La Pologne a été parmi les pays européens les plus autoritaires en exhortant les alliés militaires à fournir de l’équipement à l’Ukraine. Gabrys dit que c’est en partie dû à la conviction qu’une Russie victorieuse se sentirait enhardie pour cibler la Pologne et les trois pays baltes.
Il regarde pour voir si la Pologne fait une demande pour que les Canadiens entraînent des soldats européens dans des équipements spécialisés ou dans des conditions hivernales, ou pour stationner plus de soldats canadiens dans la région. Gabrys s’attend à ce que Morawiecki félicite le Canada d’avoir réinstallé des Ukrainiens qui ont fui en Pologne l’année dernière et d’avoir financé des projets pour aider à intégrer ceux qui restent dans ce pays.
Le commerce entre le Canada et la Pologne est en plein essor, augmentant de 52 % au cours des cinq années suivant l’entrée en vigueur de l’accord commercial entre le Canada et l’UE, même si Varsovie n’a pas entièrement ratifié l’accord.

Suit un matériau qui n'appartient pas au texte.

(* Let $(U,d)$ be an asymmetric pseudometric space, $k\ge 2$, $O\subseteq U$ an optimal solution of AMMD with optimum $R^*=\operatorname{div}(O)>0$, and $R'=\min\{d(u,v): d(u,v)\ge R^*/3,\ u,v\in U,\ u\ne v\}$. Let $0<R\le R'$ and run the clustering procedure Cluster$(U,d,R)$, producing centers $c_1,c_2,\dots$ and sets $A_1,A_2,\dots$. Then (i) $|A_t\cap O|\le 1$ for all $t$; and (ii) for any $t\ne t'$ with $|A_t\cap O|=1$ and $|A_{t'}\cap O|=1$, we have $d_{\min}(c_t,c_{t'})\ge R'\ge R^*/3$.
   Context: An asymmetric pseudometric space $(U,d)$ is a finite set $U$ with $d:U\times U\to\mathbb{R}_{\ge 0}$ such that $d(u,u)=0$ and $d(u,v)\le d(u,w)+d(w,v)$ for all $u,v,w\in U$ ($d$ need not be symmetric). For $S\subseteq U$, $\operatorname{div}(S)=\min_{u,v\in S,\,u\ne v} d(u,v)$; AMMD asks for $O\subseteq U$, $|O|=k$, maximizing $\operatorname{div}(O)$. $d_{\min}(u,v)=\min\{d(u,v),d(v,u)\}$, $d_{\max}(u,v)=\max\{d(u,v),d(v,u)\}$. Cluster$(U,d,R)$: initially all points are unmarked and $t=1$; while an unmarked point exists, choose any unmarked point $c_t$, let $A_t=\{v\in U \text{ unmarked}: d_{\max}(c_t,v)<R\}$, mark all points of $A_t$, add $c_t$ to the output set $U'$, and increment $t$. It returns $U'=\{c_1,c_2,\dots\}$. *)

theory Defs
  imports Complex_Main
begin

definition asym_pseudometric :: "'a set \<Rightarrow> ('a \<Rightarrow> 'a \<Rightarrow> real) \<Rightarrow> bool" where
  "asym_pseudometric U d \<longleftrightarrow> finite U \<and>
     (\<forall>u\<in>U. \<forall>v\<in>U. d u v \<ge> 0) \<and>
     (\<forall>u\<in>U. d u u = 0) \<and>
     (\<forall>u\<in>U. \<forall>v\<in>U. \<forall>w\<in>U. d u v \<le> d u w + d w v)"

definition dmin :: "('a \<Rightarrow> 'a \<Rightarrow> real) \<Rightarrow> 'a \<Rightarrow> 'a \<Rightarrow> real" where
  "dmin d u v = min (d u v) (d v u)"

definition dmax :: "('a \<Rightarrow> 'a \<Rightarrow> real) \<Rightarrow> 'a \<Rightarrow> 'a \<Rightarrow> real" where
  "dmax d u v = max (d u v) (d v u)"

definition ammd_div :: "('a \<Rightarrow> 'a \<Rightarrow> real) \<Rightarrow> 'a set \<Rightarrow> real" where
  "ammd_div d S = Min {d u v | u v. u \<in> S \<and> v \<in> S \<and> u \<noteq> v}"

definition ammd_optimal :: "'a set \<Rightarrow> ('a \<Rightarrow> 'a \<Rightarrow> real) \<Rightarrow> nat \<Rightarrow> 'a set \<Rightarrow> bool" where
  "ammd_optimal U d k Opt \<longleftrightarrow> Opt \<subseteq> U \<and> card Opt = k \<and>
     (\<forall>S. S \<subseteq> U \<and> card S = k \<longrightarrow> ammd_div d S \<le> ammd_div d Opt)"

text \<open>A (complete) run of Cluster(U,d,R) with m iterations, centers c 0, ..., c (m-1)
  and sets A 0, ..., A (m-1) (0-indexed).\<close>
definition cluster_run :: "'a set \<Rightarrow> ('a \<Rightarrow> 'a \<Rightarrow> real) \<Rightarrow> real \<Rightarrow> nat \<Rightarrow> (nat \<Rightarrow> 'a) \<Rightarrow> (nat \<Rightarrow> 'a set) \<Rightarrow> bool" where
  "cluster_run U d R m c A \<longleftrightarrow>
     (\<forall>t<m. c t \<in> U - (\<Union>s<t. A s) \<and>
            A t = {v \<in> U - (\<Union>s<t. A s). dmax d (c t) v < R}) \<and>
     (\<Union>t<m. A t) = U"

end

theory Submission
  imports Defs
begin

text \<open>Every point of a cluster A_t is at distance below R \<le> R' from its center c_t, in both
  directions. As R' is the least distance \<ge> R^*/3 between distinct points, every distance below R'
  is already below R^*/3. So two points of O in one cluster, or in two clusters with
  d(c_t, c_t') < R', would be joined by a path of at most three hops, each shorter than R^*/3,
  contradicting div(O) = R^*.\<close>

definition min_dist_at_least :: "'a set \<Rightarrow> ('a \<Rightarrow> 'a \<Rightarrow> real) \<Rightarrow> real \<Rightarrow> real" where
  "min_dist_at_least U d \<theta> = Min {d u v | u v. u \<in> U \<and> v \<in> U \<and> u \<noteq> v \<and> d u v \<ge> \<theta>}"

lemma asym_pseudometric_triangle:
  assumes "asym_pseudometric U d" "x \<in> U" "a \<in> U" "y \<in> U"
  shows "d x y \<le> d x a + d a y"
  using assms unfolding asym_pseudometric_def by blast

lemma asym_pseudometric_triangle3:
  assumes "asym_pseudometric U d" "x \<in> U" "a \<in> U" "b \<in> U" "y \<in> U"
  shows "d x y \<le> d x a + d a b + d b y"
  using asym_pseudometric_triangle[OF assms(1,2,3,5)] asym_pseudometric_triangle[OF assms(1,3-5)]
  by linarith

lemma finite_dist_image:
  assumes "finite U"
  shows "finite {d u v | u v. u \<in> U \<and> v \<in> U \<and> P u v}"
proof -
  have "{d u v | u v. u \<in> U \<and> v \<in> U \<and> P u v} \<subseteq> case_prod d ` (U \<times> U)" by auto
  then show ?thesis using assms by (meson finite_SigmaI finite_imageI finite_subset)
qed

lemma ammd_div_le:
  assumes "finite S" "u \<in> S" "v \<in> S" "u \<noteq> v"
  shows "ammd_div d S \<le> d u v"
  unfolding ammd_div_def using assms by (intro Min_le finite_dist_image) auto

lemma min_dist_at_least_le:
  assumes "finite U" "u \<in> U" "v \<in> U" "u \<noteq> v" "\<theta> \<le> d u v"
  shows "min_dist_at_least U d \<theta> \<le> d u v"
  unfolding min_dist_at_least_def using assms by (intro Min_le finite_dist_image) auto

lemma min_dist_at_least_ge:
  assumes "finite U" "u \<in> U" "v \<in> U" "u \<noteq> v" "\<theta> \<le> d u v"
  shows "\<theta> \<le> min_dist_at_least U d \<theta>"
  unfolding min_dist_at_least_def using assms by (subst Min_ge_iff) (auto intro: finite_dist_image)

lemma less_min_dist_at_least_imp_less:
  assumes "asym_pseudometric U d" "0 < \<theta>" "u \<in> U" "v \<in> U"
    and "d u v < min_dist_at_least U d \<theta>"
  shows "d u v < \<theta>"
proof (cases "u = v")
  case True
  then show ?thesis using assms unfolding asym_pseudometric_def by simp
next
  case False
  have "finite U" using assms(1) unfolding asym_pseudometric_def by blast
  show ?thesis
  proof (rule ccontr)
    assume "\<not> d u v < \<theta>"
    then have "min_dist_at_least U d \<theta> \<le> d u v"
      using min_dist_at_least_le[OF \<open>finite U\<close> assms(3,4) False] by simp
    with assms(5) show False by simp
  qed
qed

lemma cluster_run_member:
  assumes "cluster_run U d R m c A" "t < m" "v \<in> A t"
  shows "c t \<in> U" "v \<in> U" "d (c t) v < R" "d v (c t) < R"
proof -
  have "c t \<in> U - (\<Union>s<t. A s)" "A t = {v \<in> U - (\<Union>s<t. A s). dmax d (c t) v < R}"
    using assms(1,2) unfolding cluster_run_def by blast+
  then show "c t \<in> U" "v \<in> U" "d (c t) v < R" "d v (c t) < R"
    using assms(3) unfolding dmax_def by auto
qed

lemma cluster_run_disjoint:
  assumes "cluster_run U d R m c A" "t < m" "t' < m" "t \<noteq> t'"
  shows "A t \<inter> A t' = {}"
proof -
  have "A s \<inter> A s' = {}" if "s < s'" "s' < m" for s s'
    using assms(1) that unfolding cluster_run_def by blast
  then show ?thesis using assms(2-4) by (metis inf_commute linorder_neqE_nat)
qed

lemma cluster_run_member_close:
  assumes "asym_pseudometric U d" "cluster_run U d R m c A" "0 < \<theta>"
    and "R \<le> min_dist_at_least U d \<theta>" "t < m" "v \<in> A t"
  shows "d (c t) v < \<theta>" "d v (c t) < \<theta>"
  using cluster_run_member[OF assms(2,5,6)] assms(4)
  by (auto intro!: less_min_dist_at_least_imp_less[OF assms(1,3)])

lemma cluster_run_card_inter_separated_le_1:
  assumes "asym_pseudometric U d" "cluster_run U d R m c A" "0 < \<theta>"
    and "R \<le> min_dist_at_least U d \<theta>" "t < m"
    and "finite S" "\<And>x y. x \<in> S \<Longrightarrow> y \<in> S \<Longrightarrow> x \<noteq> y \<Longrightarrow> 3 * \<theta> \<le> d x y"
  shows "card (A t \<inter> S) \<le> 1"
proof -
  have "x = y" if x: "x \<in> A t" "x \<in> S" and y: "y \<in> A t" "y \<in> S" for x y
  proof (rule ccontr)
    assume "x \<noteq> y"
    have "d x y \<le> d x (c t) + d (c t) y"
      using cluster_run_member(1,2)[OF assms(2,5)] x y
      by (intro asym_pseudometric_triangle[OF assms(1)]) auto
    also have "\<dots> < 3 * \<theta>"
      using cluster_run_member_close(2)[OF assms(1-5) x(1)]
        cluster_run_member_close(1)[OF assms(1-5) y(1)] assms(3)
      by linarith
    finally show False using assms(7)[OF x(2) y(2) \<open>x \<noteq> y\<close>] by simp
  qed
  then show ?thesis using assms(6) by (auto simp add: card_le_Suc0_iff_eq)
qed

lemma cluster_run_centers_far:
  assumes "asym_pseudometric U d" "cluster_run U d R m c A" "0 < \<theta>"
    and "R \<le> min_dist_at_least U d \<theta>" "t < m" "t' < m" "t \<noteq> t'"
    and "\<And>x y. x \<in> S \<Longrightarrow> y \<in> S \<Longrightarrow> x \<noteq> y \<Longrightarrow> 3 * \<theta> \<le> d x y"
    and "x \<in> A t \<inter> S" "y \<in> A t' \<inter> S"
  shows "min_dist_at_least U d \<theta> \<le> d (c t) (c t')"
proof (rule ccontr)
  assume "\<not> ?thesis"
  then have "d (c t) (c t') < \<theta>"
    using cluster_run_member(1)[OF assms(2)] assms(5,6,9,10)
    by (intro less_min_dist_at_least_imp_less[OF assms(1,3)]) auto
  have "x \<noteq> y" using cluster_run_disjoint[OF assms(2,5-7)] assms(9,10) by blast
  have "d x y \<le> d x (c t) + d (c t) (c t') + d (c t') y"
    using cluster_run_member(1,2)[OF assms(2)] assms(5,6,9,10)
    by (intro asym_pseudometric_triangle3[OF assms(1)]) auto
  also have "\<dots> < 3 * \<theta>"
    using cluster_run_member_close(2)[OF assms(1-5) assms(9)[THEN IntD1]]
      cluster_run_member_close(1)[OF assms(1-4,6) assms(10)[THEN IntD1]]
      \<open>d (c t) (c t') < \<theta>\<close>
    by linarith
  finally show False using assms(8)[of x y] assms(9,10) \<open>x \<noteq> y\<close> by auto
qed

theorem proposition5p2:
  fixes U :: "'a set" and d :: "'a \<Rightarrow> 'a \<Rightarrow> real" and k :: nat and Opt :: "'a set"
    and Rstar R' R :: real and m :: nat and c :: "nat \<Rightarrow> 'a" and A :: "nat \<Rightarrow> 'a set"
  assumes "asym_pseudometric U d"
    and "k \<ge> 2"
    and "ammd_optimal U d k Opt"
    and "Rstar = ammd_div d Opt"
    and "Rstar > 0"
    and "R' = Min {d u v | u v. u \<in> U \<and> v \<in> U \<and> u \<noteq> v \<and> d u v \<ge> Rstar / 3}"
    and "0 < R" and "R \<le> R'"
    and "cluster_run U d R m c A"
  shows "(\<forall>t<m. card (A t \<inter> Opt) \<le> 1) \<and>
         (\<forall>t<m. \<forall>t'<m. t \<noteq> t' \<and> card (A t \<inter> Opt) = 1 \<and> card (A t' \<inter> Opt) = 1 \<longrightarrow>
            dmin d (c t) (c t') \<ge> R' \<and> R' \<ge> Rstar / 3)"
proof -
  have "finite U" using assms(1) unfolding asym_pseudometric_def by blast
  moreover have "Opt \<subseteq> U" "card Opt = k" using assms(3) unfolding ammd_optimal_def by auto
  ultimately have "finite Opt" using finite_subset by blast
  have R': "R' = min_dist_at_least U d (Rstar / 3)"
    using assms(6) unfolding min_dist_at_least_def by simp
  have \<theta>: "0 < Rstar / 3" using assms(5) by simp
  have sep: "3 * (Rstar / 3) \<le> d x y" if "x \<in> Opt" "y \<in> Opt" "x \<noteq> y" for x y
    using ammd_div_le[OF \<open>finite Opt\<close> that] assms(4) by simp
  note cluster = assms(1,9) \<theta> assms(8)[unfolded R']
  obtain x y where "x \<in> Opt" "y \<in> Opt" "x \<noteq> y"
    using \<open>card Opt = k\<close> assms(2) \<open>finite Opt\<close> card_le_Suc0_iff_eq[of Opt] by fastforce
  then have "Rstar / 3 \<le> R'"
    unfolding R' using sep \<open>Opt \<subseteq> U\<close> \<theta>
    by (intro min_dist_at_least_ge[OF \<open>finite U\<close>, of x y]) force+
  moreover have "R' \<le> d (c t) (c t')"
    if "t < m" "t' < m" "t \<noteq> t'" "card (A t \<inter> Opt) = 1" "card (A t' \<inter> Opt) = 1" for t t'
    using that cluster_run_centers_far[OF cluster that(1-3) sep] unfolding R'
    by (metis card_1_singletonE insertI1)
  ultimately show ?thesis
    using cluster_run_card_inter_separated_le_1[OF cluster _ \<open>finite Opt\<close> sep]
    unfolding dmin_def by (metis min.boundedI)
qed

end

La Pologne s’est remise plus rapidement de la récession mondiale de 2008, de la crise de la dette européenne et de la pandémie de COVID-19 que la plupart de ses pairs.
Le pays se tourne vers le Canada pour son savoir-faire dans la technologie de capture du carbone et le domaine nucléaire naissant des petits réacteurs modulaires.
Gabrys a déclaré que son pays serait ouvert à l’hydrogène, à l’uranium et au gaz naturel liquéfié canadiens s’il y avait une analyse de rentabilisation suffisante, et la Pologne tente de devenir une plaque tournante pour les usines de batteries de véhicules électriques.
Il a noté que l’ambassadeur de Pologne à Ottawa, Witold Dzielski, est proche de la direction du PiS et a une meilleure compréhension du Canada que la plupart des émissaires.
Cela a conduit à une série de visites sans précédent, a déclaré Gabrys, comme lorsque le ministre polonais de la Santé, Adam Niedzielski, s’est rendu au Canada en mars pour faire le point sur le soutien médical aux Ukrainiens et pour examiner une éventuelle collaboration dans les sciences de la vie.
« Je vois un nouveau chapitre, une nouvelle énergie dans les relations entre la Pologne et le Canada », a déclaré Gabrys.
Ce rapport de La Presse canadienne a été publié pour la première fois le 2 juin 2023.